Part 2 of 3 in our inventory management series.
Inventory Visibility and Reporting for Distributors
Once you have a solid foundation—one source of truth, accurate counts, and a clear link to orders and shipping—the next step is visibility: knowing what you have, where it is, and when to reorder. This post covers stock levels, reorder points, reporting, and how EDI 846 and system sync give you and your retail partners the visibility they need.
Why Visibility Matters
Without good visibility, you’re making decisions in the dark. You might reorder too early (tying up cash in excess stock) or too late (stockouts and missed orders). Your retail partners face the same problem: if they don’t know your availability, they can’t plan replenishment or promotions effectively. Visibility is what turns raw inventory data into actionable information.
Stock Levels and Locations
What to Track
At a minimum, track:
- On-hand quantity by product and location (e.g., warehouse, zone).
- Reserved / allocated quantity (tied to open orders).
- Available to sell (on hand minus reserved), which is what you can promise on new orders.
- In transit (on order from suppliers or in shipment to customers) when relevant.
Many distributors also track safety stock and reorder points so the system can flag when to reorder.
Single vs. Multiple Locations
If you have one warehouse, a single set of numbers may be enough. With multiple locations or channels, you need visibility by location so you can:
- Allocate the right inventory to the right orders.
- Report location-level data to retailers who require it (e.g., in EDI 846).
- Rebalance stock between locations when needed.
Reorder Points and Alerts
A reorder point is a threshold: when on-hand (or available) falls to or below it, it’s time to reorder. Setting reorder points helps you:
- Avoid stockouts by ordering before you run out.
- Reduce the need for constant manual checking.
- Smooth demand by ordering in a more disciplined way.
Combine reorder points with alerts (email, dashboard, or report) so the right person is notified and can place a purchase order or production order in time.
Setting Reorder Points
Reorder points are often based on:
- Lead time: How long it takes to receive new stock.
- Average demand: How much you sell per day or week.
- Safety stock: Buffer for variability in demand or supply.
A simple approach: Reorder point = (average daily usage × lead time in days) + safety stock. You can refine this over time with historical data and seasonality.
Reporting That Drives Decisions
Use reports to spot trends and problems:
- Aging inventory: What’s been sitting too long and may need promotion or write-down.
- Stockouts and near-stockouts: Which SKUs hit zero or fell below reorder point.
- Fill rate: Percentage of order lines or units fulfilled from stock; a key metric for retailer performance.
- Inventory turnover: How quickly you sell through stock; helps with purchasing and cash flow.
Dashboards that show current levels, trends, and exceptions (e.g., below reorder point) keep managers informed without digging through spreadsheets.
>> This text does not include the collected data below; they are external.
lemma zero_mem_F_set:
  assumes \<B>: "matrix_subalgebra d \<B>" and AB: "A \<in> \<B>" "B \<in> \<B>"
  shows "0\<^sub>m (n * d) (n * d) \<in> F_set n d \<B> A B"
proof -
  have "blocks_in n \<B> (\<lambda>j. 0\<^sub>m d d)"
    using \<B> unfolding blocks_in_def matrix_subalgebra_def by auto
  moreover have "F_condition n A B (\<lambda>j. 0\<^sub>m d d)"
    using matrix_subalgebra_carrier[OF \<B> AB(1)] matrix_subalgebra_carrier[OF \<B> AB(2)]
    unfolding F_condition_def by simp
  ultimately show ?thesis
    unfolding F_set_eq block_toeplitz_zero[symmetric] by blast
qed

lemma add_mem_F_set:
  assumes \<B>: "matrix_subalgebra d \<B>" and AB: "A \<in> \<B>" "B \<in> \<B>"
    and XY: "X \<in> F_set n d \<B> A B" "Y \<in> F_set n d \<B> A B"
  shows "X + Y \<in> F_set n d \<B> A B"
proof -
  note car = matrix_subalgebra_carrier[OF \<B>]
  obtain S R where X: "X = block_toeplitz n d S" and S: "blocks_in n \<B> S" "F_condition n A B S"
    and Y: "Y = block_toeplitz n d R" and R: "blocks_in n \<B> R" "F_condition n A B R"
    using XY unfolding F_set_eq by blast
  have "blocks_in n \<B> (\<lambda>j. S j + R j)"
    using S R \<B> unfolding blocks_in_def matrix_subalgebra_def by auto
  moreover have "F_condition n A B (\<lambda>j. S j + R j)"
    unfolding F_condition_def
  proof (intro allI impI)
    fix j :: int assume j: "1 \<le> j \<and> j \<le> int n - 1"
    then have "S j \<in> carrier_mat d d" "R j \<in> carrier_mat d d"
      "S (j - int n) \<in> carrier_mat d d" "R (j - int n) \<in> carrier_mat d d"
      by (auto intro!: car blocks_inD[OF S(1)] blocks_inD[OF R(1)])
    then show "A * (S j + R j) = B * (S (j - int n) + R (j - int n))"
      using S(2) R(2) j car[OF AB(1)] car[OF AB(2)] unfolding F_condition_def
      by (simp add: mult_add_distrib_mat)
  qed
  ultimately show ?thesis
    unfolding X Y block_toeplitz_add[OF blocks_in_carrier[OF \<B> S(1)] blocks_in_carrier[OF \<B> R(1)]]
      F_set_eq by blast
qed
EDI 846 and Sharing Visibility with Retailers
Many retailers want inventory advice (or responses to inventory inquiry) in a standard format. That’s EDI 846. When you send 846:
- You’re giving the retailer a snapshot of your availability (by their required product IDs and, if required, by location).
- They use that data to plan replenishment and generate 850s at the right time.
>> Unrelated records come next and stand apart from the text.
lemma mutually_inverting_sq:
  assumes a: "a \<in> carrier G" and b: "b \<in> carrier G"
    and ba: "b \<otimes> a = inv a \<otimes> b" and ab: "a \<otimes> b = inv b \<otimes> a"
  shows "a \<otimes> a = b \<otimes> b" and "a \<otimes> a \<otimes> (a \<otimes> a) = \<one>"
proof -
  have "b = inv b \<otimes> (a \<otimes> a)"
  proof -
    have "a \<otimes> b \<otimes> a = b" using ba a b by (simp add: m_assoc)
    moreover have "a \<otimes> b \<otimes> a = inv b \<otimes> (a \<otimes> a)" using ab a b by (simp add: m_assoc)
    ultimately show ?thesis by simp
  qed
  then have "b \<otimes> b = b \<otimes> (inv b \<otimes> (a \<otimes> a))" by simp
  then show sq: "a \<otimes> a = b \<otimes> b" using a b by simp
  have "inv a \<otimes> inv a \<otimes> b = b \<otimes> (a \<otimes> a)"
    using ba a b by (simp add: m_assoc [symmetric]) (simp add: m_assoc)
  also have "\<dots> = a \<otimes> a \<otimes> b" using sq a b by (simp add: m_assoc)
  finally have "a \<otimes> a = inv a \<otimes> inv a" using a b by simp
  then have "a \<otimes> a \<otimes> (a \<otimes> a) = inv a \<otimes> inv a \<otimes> (a \<otimes> a)" by simp
  then show "a \<otimes> a \<otimes> (a \<otimes> a) = \<one>" using a by (simp add: m_assoc)
qed

lemma commutes_mult:
  assumes "a \<in> carrier G" "b \<in> carrier G" "x \<in> carrier G"
    and "a \<otimes> x = x \<otimes> a" "b \<otimes> x = x \<otimes> b"
  shows "a \<otimes> b \<otimes> x = x \<otimes> (a \<otimes> b)"
  using assms by (metis m_assoc)

lemma sq_mult_inverted:
  assumes "x \<in> carrier G" "f \<in> carrier G" "x \<otimes> f = inv f \<otimes> x"
  shows "x \<otimes> f \<otimes> (x \<otimes> f) = x \<otimes> x"
proof -
  have "f \<otimes> (x \<otimes> f) = x" using assms by simp
  moreover have "x \<otimes> f \<otimes> (x \<otimes> f) = x \<otimes> (f \<otimes> (x \<otimes> f))" using assms(1,2) by (simp add: m_assoc)
  ultimately show ?thesis by simp
qed

end

section \<open>Non-abelian such groups are hamiltonian 2-groups\<close>

locale quaternion_pair = group G for G (structure) +
  fixes i j
  assumes commute_or_invert_G: commute_or_invert
    and i_closed [simp]: "i \<in> carrier G" and j_closed [simp]: "j \<in> carrier G"
    and ij_noncomm: "i \<otimes> j \<noteq> j \<otimes> i"
begin

definition z where "z = i \<otimes> i"

lemma ji_inverted: "j \<otimes> i = inv i \<otimes> j"
  using commute_or_invert_G i_closed j_closed ij_noncomm unfolding commute_or_invert_def by metis

lemma ij_inverted: "i \<otimes> j = inv j \<otimes> i"
  using commute_or_invert_G i_closed j_closed ij_noncomm unfolding commute_or_invert_def by metis

lemma z_closed [simp]: "z \<in> carrier G"
  by (simp add: z_def)

lemma j_sq: "j \<otimes> j = z"
  using mutually_inverting_sq(1) [OF i_closed j_closed ji_inverted ij_inverted] by (simp add: z_def)

lemma z_sq: "z \<otimes> z = \<one>"
  using mutually_inverting_sq(2) [OF i_closed j_closed ji_inverted ij_inverted] by (simp add: z_def)

lemma inv_z [simp]: "inv z = z"
  using z_sq by (metis inv_equality z_closed)

lemma inv_eq_z_mult: "x \<in> carrier G \<Longrightarrow> x \<otimes> x = z \<Longrightarrow> inv x = z \<otimes> x"
  using inv_eq_mult_if_sq z_sq z_closed by blast

lemma z_central: "g \<in> carrier G \<Longrightarrow> g \<otimes> z = z \<otimes> g"
proof -
  assume g: "g \<in> carrier G"
  have "g \<otimes> i = i \<otimes> g \<or> g \<otimes> i = inv i \<otimes> g"
    using commute_or_invert_G g unfolding commute_or_invert_def by simp
  then show ?thesis
  proof
    assume "g \<otimes> i = i \<otimes> g"
    then show ?thesis using g by (simp add: z_def m_assoc [symmetric]) (simp add: m_assoc)
  next
    assume gi: "g \<otimes> i = inv i \<otimes> g"
    have "g \<otimes> z = (g \<otimes> i) \<otimes> i" using g by (simp add: z_def m_assoc)
    also have "\<dots> = inv i \<otimes> (g \<otimes> i)" using g by (simp add: gi m_assoc)
    also have "\<dots> = inv z \<otimes> g" using g by (simp add: gi z_def inv_mult_group m_assoc)
    finally show ?thesis by simp
  qed
qed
- You reduce the risk of them ordering when you’re out of stock or cutting you off for non-compliance.
To do this well, your “source of truth” for inventory must feed your EDI 846 generation—same numbers you use internally and for order acceptance. Automating 846 from your WMS/ERP keeps the data consistent and reduces manual work. For more on 846, see What is EDI 846?.
System Sync and Single Source of Truth
Visibility only works if systems are in sync. If your ERP says one thing and your EDI or e-commerce platform says another, you’ll have conflicting numbers and confused partners. Best practice:
- One system (or one logical “source of truth”) holds inventory.
- Other systems (order management, EDI outbound, storefronts) get inventory via integration, not separate data entry.
- Updates (receiving, shipping, adjustments) are made in the source system and propagated automatically where needed.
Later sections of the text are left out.